Once a gel location of interest has been located by the optical device, by virtue of its strong fluorescence, that part of the gel is typically removed and placed in the well of a well plate for further processing. This is done conventionally by transferring the gel dish to a robot fitted with a gel coring head. The gel coring head is fitted with a number of corers, for example 8, which can cut out and suck up circular cross-section plugs of gel and deposit them into a well of a well plate.
A large number of fluorescent stains are known. The stains typically have relatively broadband characteristics with one or more broad absorption or excitation bands and a single strong broad emission band. A widely used fluorescent stain is sypro ruby which has excitation bands in the ultraviolet (UV) and blue and emits in the red, peaked at around 620 nm.
Two kinds of optical device are known for measuring gel fluorescence, as now described with reference to the figures.

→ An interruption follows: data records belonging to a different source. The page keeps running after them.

lemma kern_sum_cong:
  "(\<And>k. 1 \<le> k \<Longrightarrow> k \<le> n \<Longrightarrow> f k = g k) \<Longrightarrow> kern_sum n f = kern_sum n g"
  unfolding kern_sum_def by (intro sum.cong) auto

lemma kern_sum_upto: "n \<le> N \<Longrightarrow> kern_sum n g = (\<Sum>k=1..N. kern n k * g k)"
  unfolding kern_sum_def by (rule sum.mono_neutral_left) (auto simp: kern_eq_0)

lemma kern_sum_indicator: "1 \<le> l \<Longrightarrow> kern_sum n (\<lambda>k. if k = l then x else 0) = kern n l * x"
  unfolding kern_sum_def by (cases "l \<le> n") (auto simp: kern_eq_0 if_distrib cong: if_cong)

lemma kern_Suc:
  assumes k: "1 \<le> k"
  shows "kern (Suc m) k * (odd_r (Suc m)^2 - odd_r k^2) = odd_r (Suc m)^2 * kern m k"
proof (cases "k \<le> m")
  case False
  then show ?thesis
    by (cases "k = Suc m") (auto simp: kern_def)
next
  case True
  define j where "j = m + 1 - k"
  have j: "1 \<le> j" "m - k = j - 1" "Suc m - k = j"
    using True k by (auto simp: j_def)
  have m: "m \<ge> 1"
    using True k by simp
  define C1 where "C1 = real (2*m + 2 choose (m + 1))"
  define C0 where "C0 = real (2*m choose m)"
  define D1 where "D1 = real (2*m + 1 choose j)"
  define D0 where "D0 = real (2*m - 1 choose (j - 1))"
  have odd_diff: "odd_r (Suc m)^2 - odd_r k^2 = 4 * real j * real (2*m + 1 - j)"
    using True k by (simp add: odd_r_def j_def power2_eq_square of_nat_diff algebra_simps)
  have central: "(real m + 1) * C1 = 2 * (2 * real m + 1) * C0"
    unfolding C1_def C0_def using central_binomial_Suc[of m, THEN arg_cong[where f = real]]
    by (simp only: of_nat_mult of_nat_add of_nat_1 of_nat_numeral)
  have "j * (2*m + 1 - j) * (2*m + 1 choose j) = (2*m + 1) * (2*m) * (2*m - 1 choose (j - 1))"
    using binomial_absorb_both[of j "2*m + 1"] j(1) by simp
  from arg_cong[where f = real, OF this]
  have absorb: "real j * real (2*m + 1 - j) * D1 = (2 * real m + 1) * (2 * real m) * D0"
    unfolding D1_def D0_def by (simp only: of_nat_mult of_nat_add of_nat_1 of_nat_numeral)
  have pow: "(2::real) ^ (4 * Suc m - 2) = 16 * 2 ^ (4*m - 2)"
  proof -
    have "4 * Suc m - 2 = (4*m - 2) + 4"
      using m by simp
    then have "(2::real) ^ (4 * Suc m - 2) = 2 ^ (4*m - 2) * 2 ^ 4"
      by (simp only: power_add)
    then show ?thesis
      by simp
  qed
  have kern_Suc_m: "kern (Suc m) k = (real m + 1) * C1 / 2 ^ (4 * Suc m - 2) * D1"
    using True k j(3) by (simp add: kern_def kern_scale_def C1_def D1_def)
  have kern_m: "kern m k = real m * C0 / 2 ^ (4*m - 2) * D0"
    using True k j(2) by (simp add: kern_def kern_scale_def C0_def D0_def)
  have "kern (Suc m) k * (odd_r (Suc m)^2 - odd_r k^2)
      = ((real m + 1) * C1) * (real j * real (2*m + 1 - j) * D1) * 4 / 2 ^ (4 * Suc m - 2)"
    unfolding kern_Suc_m odd_diff by (simp add: field_simps)
  also have "\<dots> = (2 * (2 * real m + 1) * C0) * ((2 * real m + 1) * (2 * real m) * D0) * 4
                   / (16 * 2 ^ (4*m - 2))"
    unfolding central absorb pow ..
  also have "\<dots> = odd_r (Suc m)^2 * kern m k"
    unfolding kern_m by (simp add: odd_r_def field_simps power2_eq_square)
  finally show ?thesis .
qed

lemma kern_sum_Suc_diff:
  "kern_sum (Suc n) g - kern_sum n g
     = (\<Sum>k=1..Suc n. kern (Suc n) k * g k * odd_r k^2) / odd_r (Suc n)^2"
proof -
  have nz: "odd_r (Suc n)^2 \<noteq> 0"
    using odd_r_nonzero[of "Suc n"] by simp
  have "kern n k * g k = kern (Suc n) k * g k - kern (Suc n) k * g k * odd_r k^2 / odd_r (Suc n)^2"
    if "1 \<le> k" for k
    using kern_Suc[OF that, of n] nz by (simp add: field_simps)
  then have "kern_sum n g
      = (\<Sum>k=1..Suc n. kern (Suc n) k * g k - kern (Suc n) k * g k * odd_r k^2 / odd_r (Suc n)^2)"
    unfolding kern_sum_upto[OF le_SucI[OF order_refl]] by (intro sum.cong) auto
  then have "kern_sum (Suc n) g - kern_sum n g
      = (\<Sum>k=1..Suc n. kern (Suc n) k * g k * odd_r k^2 / odd_r (Suc n)^2)"
    by (simp only: kern_sum_def[of "Suc n"] sum_subtractf)
  then show ?thesis
    by (simp only: sum_divide_distrib)
qed

lemma partial_sum_eq_kern_sum:
  assumes "\<And>n. h (Suc n) = (\<Sum>k=1..Suc n. kern (Suc n) k * g k * odd_r k^2) / odd_r (Suc n)^2"
  shows "(\<Sum>m=1..n. h m) = kern_sum n g"
proof (induction n)
  case 0
  then show ?case
    by (simp add: kern_sum_def)
next
  case (Suc n)
  then have "(\<Sum>m=1..Suc n. h m) = kern_sum n g + h (Suc n)"
    by simp
  also have "\<dots> = kern_sum (Suc n) g"
    using kern_sum_Suc_diff[of n g] assms[of n] by simp
  finally show ?case .
qed

lemma odd_weighted_binomial_tail:
  assumes "i \<le> n"
  shows "real (n - i) * real (2*n - 1 choose (n - i))
           = (\<Sum>j=Suc i..n. odd_r j * real (2*n - 1 choose (n - j)))"
  using assms
proof (induction i rule: inc_induct)
  case base
  then show ?case
    by simp
next
  case (step i)
  define t where "t = n - Suc i"
  have t: "n - i = Suc t" "odd_r (Suc i) + real t = real (2*n - 1 - t)"
    using step.hyps by (auto simp: t_def odd_r_def)
  have "(\<Sum>j=Suc i..n. odd_r j * real (2*n - 1 choose (n - j)))
      = odd_r (Suc i) * real (2*n - 1 choose t) + real t * real (2*n - 1 choose t)"
    using step by (simp add: sum.atLeast_Suc_atMost t_def)
  also have "\<dots> = real (2*n - 1 - t) * real (2*n - 1 choose t)"
    by (simp only: t(2)[symmetric] distrib_right)
  also have "\<dots> = real (Suc t) * real (2*n - 1 choose Suc t)"
    by (simp only: of_nat_mult[symmetric] binomial_absorb_comp_Suc)
  also have "\<dots> = real (n - i) * real (2*n - 1 choose (n - i))"
    unfolding t(1) ..
  finally show ?case ..
qed

lemma kern_tail_sum:
  assumes "1 \<le> i" "i \<le> n"
  shows "(odd_r n - odd_r i) * kern n i = 2 * (\<Sum>j=Suc i..n. odd_r j * kern n j)"
proof -
  have "(\<Sum>j=Suc i..n. odd_r j * kern n j)
      = kern_scale n * (\<Sum>j=Suc i..n. odd_r j * real (2*n - 1 choose (n - j)))"
    unfolding sum_distrib_left using assms by (intro sum.cong) (auto simp: kern_def)
  also have "\<dots> = kern_scale n * (real (n - i) * real (2*n - 1 choose (n - i)))"
    using odd_weighted_binomial_tail[OF assms(2)] by simp
  finally show ?thesis
    using assms by (simp add: kern_def odd_r_def of_nat_diff)
qed

lemma sum_triangle_swap:
  fixes h :: "nat \<Rightarrow> nat \<Rightarrow> 'a::comm_monoid_add"
  shows "(\<Sum>j=1..n. \<Sum>i=1..<j. h i j) = (\<Sum>i=1..n. \<Sum>j=Suc i..n. h i j)"
proof (induction n)
  case 0
  then show ?case
    by simp
next
  case (Suc n)
  have "(\<Sum>i=1..Suc n. \<Sum>j=Suc i..Suc n. h i j) = (\<Sum>i=1..n. (\<Sum>j=Suc i..n. h i j) + h i (Suc n))"
    by (auto simp: sum.cl_ivl_Suc intro!: sum.cong)
  also have "\<dots> = (\<Sum>i=1..n. \<Sum>j=Suc i..n. h i j) + (\<Sum>i=1..<Suc n. h i (Suc n))"
    by (simp add: sum.distrib atLeastLessThanSuc_atLeastAtMost)
  finally show ?case
    using Suc by (simp add: sum.cl_ivl_Suc)
qed

lemma odd_mult_kern_sum:
  "odd_r n * kern_sum n g = (\<Sum>j=1..n. kern n j * odd_r j * (g j + 2 * (\<Sum>i=1..<j. g i)))"
proof -
  have "(\<Sum>j=1..n. kern n j * odd_r j * (g j + 2 * (\<Sum>i=1..<j. g i)))
      = (\<Sum>j=1..n. kern n j * odd_r j * g j) + 2 * (\<Sum>j=1..n. \<Sum>i=1..<j. kern n j * odd_r j * g i)"
    by (simp add: sum.distrib sum_distrib_left algebra_simps)
  also have "(\<Sum>j=1..n. \<Sum>i=1..<j. kern n j * odd_r j * g i)
      = (\<Sum>i=1..n. \<Sum>j=Suc i..n. kern n j * odd_r j * g i)"
    by (rule sum_triangle_swap)
  also have "\<dots> = (\<Sum>i=1..n. g i * (\<Sum>j=Suc i..n. odd_r j * kern n j))"
    by (simp add: sum_distrib_left mult_ac)
  also have "\<dots> = (\<Sum>i=1..n. g i * ((odd_r n - odd_r i) * kern n i / 2))"
    by (intro sum.cong) (auto simp: kern_tail_sum)
  also have "(\<Sum>j=1..n. kern n j * odd_r j * g j) + 2 * \<dots> = (\<Sum>j=1..n. odd_r n * (kern n j * g j))"
    by (simp add: sum_distrib_left sum.distrib[symmetric]) (simp add: algebra_simps)
  finally show ?thesis
    by (simp add: kern_sum_def sum_distrib_left)
qed

definition alt_odd_sum :: "(nat \<Rightarrow> real) \<Rightarrow> nat \<Rightarrow> real" where
  "alt_odd_sum f j = (\<Sum>l=1..j. (-1)^(j + l) * 2 ^ tri j l * odd_r l * f l)"

lemma alt_odd_sum_eq:
  assumes "1 \<le> j"
  shows "alt_odd_sum f j = odd_r j * f j + (\<Sum>l=1..<j. (-1)^(j + l) * 2 * odd_r l * f l)"
proof -
  have "alt_odd_sum f j = (\<Sum>l=1..<j. (-1)^(j + l) * 2 ^ tri j l * odd_r l * f l) + odd_r j * f j"
    using assms by (simp add: alt_odd_sum_def atLeastLessThanSuc_atLeastAtMost[symmetric]
        sum.atLeastLessThan_Suc tri_def)
  also have "(\<Sum>l=1..<j. (-1)^(j + l) * 2 ^ tri j l * odd_r l * f l)
      = (\<Sum>l=1..<j. (-1)^(j + l) * 2 * odd_r l * f l)"
    by (intro sum.cong) (auto simp: tri_def)
  finally show ?thesis
    by simp
qed

lemma alt_odd_sum_prefix:
  "1 \<le> j \<Longrightarrow> alt_odd_sum f j + 2 * (\<Sum>i=1..<j. alt_odd_sum f i) = odd_r j * f j"
proof (induction j rule: nat_induct_at_least)
  case base
  then show ?case
    by (simp add: alt_odd_sum_def tri_def)
next
  case (Suc j)
  have signs: "(\<Sum>l=1..<Suc j. (-1)^(Suc j + l) * 2 * odd_r l * f l)
      = - (\<Sum>l=1..<j. (-1)^(j + l) * 2 * odd_r l * f l) - 2 * odd_r j * f j"
    using Suc.hyps by (simp add: sum.atLeastLessThan_Suc sum_negf[symmetric])
  have "alt_odd_sum f (Suc j) + 2 * (\<Sum>i=1..<Suc j. alt_odd_sum f i)
      = alt_odd_sum f (Suc j) + alt_odd_sum f j + (alt_odd_sum f j + 2 * (\<Sum>i=1..<j. alt_odd_sum f i))"
    using Suc.hyps by (simp add: sum.atLeastLessThan_Suc)
  also have "\<dots> = alt_odd_sum f (Suc j) + alt_odd_sum f j + odd_r j * f j"
    using Suc.IH by simp
  also have "\<dots> = odd_r (Suc j) * f (Suc j)"
    using alt_odd_sum_eq[OF Suc.hyps] alt_odd_sum_eq[of "Suc j"] signs by simp
  finally show ?case .
qed

definition div_odd_coeff :: "(nat \<Rightarrow> real) \<Rightarrow> nat \<Rightarrow> real" where
  "div_odd_coeff f j = alt_odd_sum f j / odd_r j^2"

lemma div_odd_coeff_indicator:
  "1 \<le> l \<Longrightarrow> div_odd_coeff (\<lambda>i. if i = l then x else 0) j
     = (if l \<le> j then (-1)^(j + l) * 2 ^ tri j l * odd_r l * x / odd_r j^2 else 0)"
  unfolding div_odd_coeff_def alt_odd_sum_def by (auto simp: if_distrib cong: if_cong)

lemma partial_sum_div_odd:
  assumes h: "\<And>n. (\<Sum>m=1..n. h m) = kern_sum n f"
  shows "(\<Sum>m=1..n. h m / odd_r m) = kern_sum n (div_odd_coeff f)"
proof (rule partial_sum_eq_kern_sum)
  fix n
  define N where "N = Suc n"
  have nz: "odd_r N \<noteq> 0"
    using odd_r_nonzero[of N] by (simp add: N_def)
  have "h N = kern_sum N f - kern_sum n f"
    using h[of N] h[of n] by (simp add: N_def)
  also have "\<dots> = (\<Sum>j=1..N. kern N j * f j * odd_r j^2) / odd_r N^2"
    unfolding N_def by (rule kern_sum_Suc_diff)
  finally have hN: "h N = (\<Sum>j=1..N. kern N j * f j * odd_r j^2) / odd_r N^2" .
  have "(\<Sum>j=1..N. kern N j * div_odd_coeff f j * odd_r j^2) = kern_sum N (alt_odd_sum f)"
    unfolding kern_sum_def div_odd_coeff_def using odd_r_nonzero by (intro sum.cong) auto
  then have "odd_r N * (\<Sum>j=1..N. kern N j * div_odd_coeff f j * odd_r j^2)
      = odd_r N * kern_sum N (alt_odd_sum f)"
    by simp
  also have "\<dots> = (\<Sum>j=1..N. kern N j * odd_r j * (odd_r j * f j))"
    unfolding odd_mult_kern_sum by (intro sum.cong refl) (metis alt_odd_sum_prefix atLeastAtMost_iff)
  also have "\<dots> = (\<Sum>j=1..N. kern N j * f j * odd_r j^2)"
    by (simp add: power2_eq_square mult_ac)
  finally have "odd_r N * (\<Sum>j=1..N. kern N j * div_odd_coeff f j * odd_r j^2)
      = (\<Sum>j=1..N. kern N j * f j * odd_r j^2)" .
  then show "h (Suc n) / odd_r (Suc n)
      = (\<Sum>j=1..Suc n. kern (Suc n) j * div_odd_coeff f j * odd_r j^2) / odd_r (Suc n)^2"
    unfolding N_def[symmetric] hN using nz by (simp add: field_simps power2_eq_square)
qed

FIG. 6 is a schematic side view of an imager in which a charged coupled device (CCD) detector unit 100 comprising a CCD chip 102 and objective 104 is arranged above a shelf 106 on which a gel dish 108 can be placed centrally about the optical axis “O” of the CCD detector unit 100. Alongside the CCD detector unit 100, banks of blue light emitting diodes (LEDs) 110 are arranged facing the center of the shelf where gel dishes are to be placed. The blue LED banks 110 are used to excite fluorescence in the gel which is then measured by the CCD chip. The imager is built into a light-tight housing 112 accessed by a hinged door (not shown). An imager of this kind is the Fuji LAS-1000.
FIG. 7 is a schematic side view of a scanner in which a photomultiplier tube (PMT) 120 and objective 122 are used to measure fluorescence from a gel contained in a gel dish 124 which is excited by raster scanning a 488 nm laser beam 126 generated by an argon ion laser 128 over the gel dish. Raster scanning is achieved by a movable mirror arrangement 130. The scanner is arranged in a light tight housing 132.
It will thus be appreciated that the principal difference between the imager and the scanner is that the imager is a parallel device and the scanner a serial device.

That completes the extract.